Never to be told.        

On a day that begins like any other, Hal receives a mysterious letter bequeathing her a substantial inheritance. She realizes very quickly that the letter was sent to the wrong person—but also that the cold—reading skills she honed as a tarot card reader might help her claim the money. Soon, Hal finds herself at the funeral of the deceased…where it dawns on her that there is something very, very wrong about this strange situation and the inheritance at the center of it.

You have two roads ahead of you, but they twist and turn….You want to know which you should take.

They mystery surrounding Hal’s past kept me intrigued, but it was really Hal’s character that kept me turning pages. Her character is what I loved most about this book. Hal has spent most of her life observing versus being the center of attention, which has enabled her to master reading people. She can use this skill to deceive, but she has a generous nature. At the same time, she is also fighting to survive and must take what she can. Her character exemplifies the notion that those who observe are more powerful than those who need to be at the center of attention.

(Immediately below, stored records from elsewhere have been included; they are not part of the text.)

(* Writing R = M_n Q, the steady-state covariance is b^2 R diag(0, f_tau(lambda_k)/2) R^T, so each
   Loewner bound reduces to the scalar bounds f_tau(s lambda_k) vs. c f_tau(lambda_k) on the modes.
   The derivative of f_tau has the sign of lambda tau - cos (lambda tau), which is increasing;
   hence the minimiser lbar solves lbar tau = cos (lbar tau), and f_tau decreases on (0, lbar]
   and increases on [lbar, pi/(2 tau)).  In case (i) the whole interval [(1-alpha) lambda,
   (1+alpha) lambda] lies left of lbar, so f_tau(s lambda) lies between f_tau((1+alpha) lambda)
   and f_tau((1-alpha) lambda), whose relative deviations from f_tau(lambda) are chi^+ and chi^-;
   case (ii) is the mirror image. *)

lemma sin_less_one:
  fixes x :: real
  assumes "x < pi / 2" "- (pi / 2) \<le> x"
  shows "sin x < 1"
  using sin_monotone_2pi[OF assms(2,1)] by simp

lemma f_tau_has_derivative:
  assumes "0 < tau" "0 < l" "l * tau < pi / 2"
  shows "(f_tau tau has_real_derivative
           (l * tau - cos (l * tau)) / (l\<^sup>2 * (1 - sin (l * tau)))) (at l)"
proof -
  have "0 < l * tau" using assms by simp
  then have s: "sin (l * tau) < 1" using assms(3) by (intro sin_less_one) auto
  have "((\<lambda>x. cos (x * tau) / (x * (1 - sin (x * tau)))) has_real_derivative
     ((- sin (l * tau) * tau) * (l * (1 - sin (l * tau)))
       - cos (l * tau) * ((1 - sin (l * tau)) + l * (- cos (l * tau) * tau)))
     / (l * (1 - sin (l * tau)))\<^sup>2) (at l)"
    using assms s by (auto intro!: derivative_eq_intros simp: power2_eq_square algebra_simps)
  moreover have "((- sin (l * tau) * tau) * (l * (1 - sin (l * tau)))
       - cos (l * tau) * ((1 - sin (l * tau)) + l * (- cos (l * tau) * tau)))
     / (l * (1 - sin (l * tau)))\<^sup>2
     = (l * tau - cos (l * tau)) / (l\<^sup>2 * (1 - sin (l * tau)))"
  proof -
    have "(cos (l * tau))\<^sup>2 = 1 - (sin (l * tau))\<^sup>2" by (simp add: cos_squared_eq)
    then have "(- sin (l * tau) * tau) * (l * (1 - sin (l * tau)))
       - cos (l * tau) * ((1 - sin (l * tau)) + l * (- cos (l * tau) * tau))
       = (1 - sin (l * tau)) * (l * tau - cos (l * tau))" by algebra
    moreover have "u * g / (l * u)\<^sup>2 = g / (l\<^sup>2 * u)" if "u \<noteq> 0" for u g :: real
      using that by (simp add: power2_eq_square)
    ultimately show ?thesis using s by simp
  qed
  ultimately show ?thesis by (simp add: f_tau_def[abs_def])
qed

You can’t influence fate, or change what’s out of your control. But you can choose what you yourself do with the cards you’re dealt.

Trespassen House also plays a large role. The thickly woven atmosphere surrounding the house, transported me. Even though the events take place in the current moment, I felt like I had gone back in time while reading this as it is reminiscent of classic mysteries. The tarot card readings and the constant presence of magpies contributed to this feeling.

This is not a book focused on fast-paced action, but rather the slow unveiling of nuances surrounding the mystery. Subtle clues are planted throughout, but all does not come together until the end. This is a mystery with many layers; I found it intriguing, intelligent, and entertaining.